Fredy Hirsch, the Jew in charge of running the family camp, is the one who entrusted Dita with the books. He puts on a strong, brave, happy demeanor, but secretly has many troubles of his own. All prisoners are tattooed, and his tattoo has the marking "SB6" along with everyone else who had arrived in the camp last September, signifying that they would receive "special treatment" after six months. He is also gay, and people who were gay, lesbian, or transgender were described as "diseased" or "sick" by the Nazis. During the night, Hirsch is secretly meeting up with his boyfriend in the camp.

The books that Dita literally guards with her life are more valuable than gold in the camp, and more deadly than a bullet. But she guards them for Fredy, for the teachers, and for the children they are responsible for. These books remind her that there is the possibility of life, of a world after the war, where she can finally live without fear and sadness.

The Librarian of Auschwitz is a WWII novel, based on the true story of Dita, who is still alive today at 91, and author Arturo Iturbe's interview with her is also found in the book.


The atrocities of Auschwitz-Birkenau are in no way sugarcoated in this book. Hangings, starvation, gas chambers, crematoriums, mass graves, and the gruesome experiments by Dr. Mengele are all described in astonishing detail.
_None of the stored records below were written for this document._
(* Let $n,d\ge1$. Let $W=(w_{i,j})$, $\widetilde W=(\tilde w_{i,j})$ be real $n\times n$ matrices and $G,\widetilde G$ real $nd\times nd$ block matrices with $d\times d$ blocks $G_{i,j},\widetilde G_{i,j}$. Suppose there exist $f_1,\dots,f_n>0$ and $\varepsilon,\eta\ge0$ with $$\sup_{i\ne j}\Big|\frac{\tilde w_{i,j}}{f_i}-w_{i,j}\Big|\le\varepsilon,\qquad \sup_{i,j}\|\widetilde G_{i,j}-G_{i,j}\|_F\le\eta,$$ and that there is $C>0$ with $0\le w_{i,j}\le C$ for all $i,j$, $\sup_{i,j}\|G_{i,j}\|_F\le C$ and $\sup_{i,j}\|\widetilde G_{i,j}\|_F\le C$. If $\inf_i\frac1n\sum_{j\ne i}w_{i,j}>\gamma$ and $\gamma>\varepsilon$, then $$\|L_0(W,G)-L_0(\widetilde W,\widetilde G)\|_{op}\le \frac1\gamma C(\eta+\varepsilon)+\frac{\varepsilon}{\gamma(\gamma-\varepsilon)}C^2$$ and $$\|L(W,G)-L_0(\widetilde W,\widetilde G)\|_{op}\le \frac1\gamma C(\eta+\varepsilon)+\frac{\varepsilon}{\gamma(\gamma-\varepsilon)}C^2+\frac{C^2}{n\gamma}.$$
   Context: For an $n\times n$ matrix $W=(w_{i,j})$ and an $nd\times nd$ block matrix $G$ with $d\times d$ blocks $G_{i,j}$, define $S$ as the block matrix with blocks $S_{i,j}=w_{i,j}G_{i,j}$ and $D$ as the block-diagonal matrix with diagonal blocks $D_{i,i}=\big(\sum_{j\ne i}w_{i,j}\big)\mathrm I_d$ (assumed invertible); $L(W,G):=D^{-1}S$. Further $L_0(W,G):=L(W\circ 1_{i\ne j},G)$, i.e. $L$ computed from the weight matrix obtained from $W$ by setting its diagonal entries to $0$. $\|\cdot\|_{op}$ is the largest singular value, $\|\cdot\|_F$ the Frobenius norm. *)

theory Defs
  imports "HOL-Analysis.Analysis"
begin

text \<open>An nd x nd block matrix is indexed by pairs (i,a) with i a block index
  (type 'n, n = CARD('n)) and a an index inside the block (type 'd, d = CARD('d)).\<close>

definition block :: "real^('n::finite \<times> 'd::finite)^('n \<times> 'd) \<Rightarrow> 'n \<Rightarrow> 'n \<Rightarrow> real^'d^'d" where
  "block G i j = (\<chi> a b. G $ (i, a) $ (j, b))"

definition Smat :: "real^'n^'n \<Rightarrow> real^('n::finite \<times> 'd::finite)^('n \<times> 'd) \<Rightarrow> real^('n \<times> 'd)^('n \<times> 'd)" where
  "Smat W G = (\<chi> p q. W $ fst p $ fst q * G $ p $ q)"

definition Dmat :: "real^'n^'n \<Rightarrow> real^('n::finite \<times> 'd::finite)^('n \<times> 'd)" where
  "Dmat W = (\<chi> p q. if p = q then (\<Sum>j\<in>UNIV - {fst p}. W $ fst p $ j) else 0)"

definition Lmat :: "real^'n^'n \<Rightarrow> real^('n::finite \<times> 'd::finite)^('n \<times> 'd) \<Rightarrow> real^('n \<times> 'd)^('n \<times> 'd)" where
  "Lmat W G = matrix_inv (Dmat W) ** Smat W G"

definition offdiag :: "real^'n^'n \<Rightarrow> real^'n^'n" where
  "offdiag W = (\<chi> i j. if i = j then 0 else W $ i $ j)"

definition L0mat :: "real^'n^'n \<Rightarrow> real^('n::finite \<times> 'd::finite)^('n \<times> 'd) \<Rightarrow> real^('n \<times> 'd)^('n \<times> 'd)" where
  "L0mat W G = Lmat (offdiag W) G"

definition opnorm :: "real^'m::finite^'k::finite \<Rightarrow> real" where
  "opnorm A = onorm (\<lambda>x. A *v x)"

end

theory Submission
  imports Defs
begin

text \<open>Block (i, j) of L0(W, G) - L0(W', G') is (w_ij / D_i) G_ij - (a_ij / A_i) G'_ij, where w is
  the off-diagonal part of W, a_ij = w'_ij / f_i and D_i, A_i are the row sums of w and a: the
  factor f_i cancels in the normalisation. The operator norm is bounded by the Frobenius norm, so
  it suffices to bound the l2 norm of every block row by B / sqrt n, B being the claimed bound.
  Now |A_i - D_i| <= n eps and A_i D_i >= n^2 gamma (gamma - eps). Writing the block as
  (w G - a G') / D + (1/D - 1/A) a G' when A <= D, and as (w G - a G') / A + (1/D - 1/A) w G when
  A > D, the first summand gives the term C (eta + eps) / gamma of B and the second the term
  eps C^2 / (gamma (gamma - eps)). Finally L(W, G) - L0(W, G) is block diagonal with blocks
  (W_ii / D_i) G_ii of norm at most C^2 / (n gamma).\<close>

section \<open>Frobenius and operator norms of block matrices\<close>

lemma sum_UNIV_pair:
  "(\<Sum>p\<in>(UNIV::('a::finite \<times> 'b::finite) set). h p) = (\<Sum>i\<in>UNIV. \<Sum>a\<in>UNIV. h (i, a))"
  by (simp add: sum.cartesian_product flip: UNIV_Times_UNIV)

lemma power2_norm_vec: "(norm (x :: 'a::real_normed_vector^'k::finite))\<^sup>2 = (\<Sum>k\<in>UNIV. (norm (x $ k))\<^sup>2)"
  by (simp add: norm_vec_def L2_set_def sum_nonneg)

lemma norm_matrix_vector_mult_le: "norm (M *v x) \<le> norm M * norm (x :: real^'m::finite)"
proof -
  have "norm (M *v x) = L2_set (\<lambda>k. \<bar>inner (M $ k) x\<bar>) UNIV"
    by (simp add: norm_vec_def matrix_vector_mul_component)
  also have "\<dots> \<le> L2_set (\<lambda>k. norm (M $ k) * norm x) UNIV"
    by (rule L2_set_mono) (simp_all add: Cauchy_Schwarz_ineq2)
  also have "\<dots> = norm M * norm x"
    by (simp add: L2_set_left_distrib norm_vec_def)
  finally show ?thesis .
qed

lemma opnorm_le_norm: "opnorm M \<le> norm M"
  unfolding opnorm_def by (rule onorm_le) (rule norm_matrix_vector_mult_le)

lemma opnorm_add_le: "opnorm (A + B) \<le> opnorm A + opnorm B"
  unfolding opnorm_def matrix_vector_mult_add_rdistrib
  by (rule onorm_triangle) simp_all

lemma power2_norm_vec_pair:
  "(norm (x :: 'a::real_normed_vector^('n::finite \<times> 'd::finite)))\<^sup>2 = (\<Sum>i\<in>UNIV. (norm (\<chi> a. x $ (i, a)))\<^sup>2)"
  by (simp add: power2_norm_vec sum_UNIV_pair)

lemma power2_norm_blocks:
  fixes M :: "real^('n::finite \<times> 'd::finite)^('n \<times> 'd)"
  shows "(norm M)\<^sup>2 = (\<Sum>i\<in>UNIV. \<Sum>j\<in>UNIV. (norm (block M i j))\<^sup>2)"
proof -
  have "(norm M)\<^sup>2 = (\<Sum>i\<in>UNIV. \<Sum>a\<in>UNIV. \<Sum>j\<in>UNIV. \<Sum>b\<in>UNIV. (M $ (i, a) $ (j, b))\<^sup>2)"
    by (simp add: power2_norm_vec sum_UNIV_pair)
  also have "\<dots> = (\<Sum>i\<in>UNIV. \<Sum>j\<in>UNIV. \<Sum>a\<in>UNIV. \<Sum>b\<in>UNIV. (M $ (i, a) $ (j, b))\<^sup>2)"
    by (rule sum.cong[OF refl], rule sum.swap)
  finally show ?thesis
    by (simp add: power2_norm_vec block_def)
qed

lemma norm_le_of_block_rows:
  fixes M :: "real^('n::finite \<times> 'd::finite)^('n \<times> 'd)"
  assumes rows: "\<And>i. L2_set (\<lambda>j. norm (block M i j)) UNIV \<le> B / sqrt CARD('n)"
  shows "norm M \<le> B"
proof -
  have "0 \<le> B / sqrt CARD('n)"
    using rows[of undefined] L2_set_nonneg order_trans by blast
  then have B_nonneg: "0 \<le> B"
    by (simp add: zero_le_divide_iff)
  have "(L2_set (\<lambda>j. norm (block M i j)) UNIV)\<^sup>2 = (\<Sum>j\<in>UNIV. (norm (block M i j))\<^sup>2)" for i
    by (simp add: L2_set_def sum_nonneg)
  then have "norm M = L2_set (\<lambda>i. L2_set (\<lambda>j. norm (block M i j)) UNIV) UNIV"
    by (simp add: L2_set_def flip: power2_norm_blocks)
  also have "\<dots> \<le> L2_set (\<lambda>i::'n. B / sqrt CARD('n)) UNIV"
    using rows by (intro L2_set_mono) simp_all
  also have "\<dots> = B"
    using B_nonneg by (simp add: L2_set_constant)
  finally show ?thesis .
qed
The Holocaust was the mass slaughter of 13 million people, of which 6 million were Jewish, during WWII. People were first evicted from their homes, and sent to live in filthy ghettos. They were then sent to concentration (read "death") camps, where they were forcibly separated, brothers and sisters, husbands and wives, parents and children, and cruelly sorted and separated according to gender and age. They were then either immediately killed, or put to work, doing backbreaking, deadly, or simply boring jobs such as making bombs, moving rocks, working in the kitchens, or (and in my opinion, these were the worst) working in the gas chambers and ovens. 

The Librarian of Auschwitz depicts the horrors and heartbreaks that took place in the Hell on Earth that was Auschwitz-Birkenau. But in the middle of that Hell on Earth, for a little while, there was hope.

2 comments:

  1. This was an amazing summary. I’m always a fan for books about Nazis and WWII and now I have a new book to look out for!! Your writing is fantastic and captivating- have you considered writing a book of your own?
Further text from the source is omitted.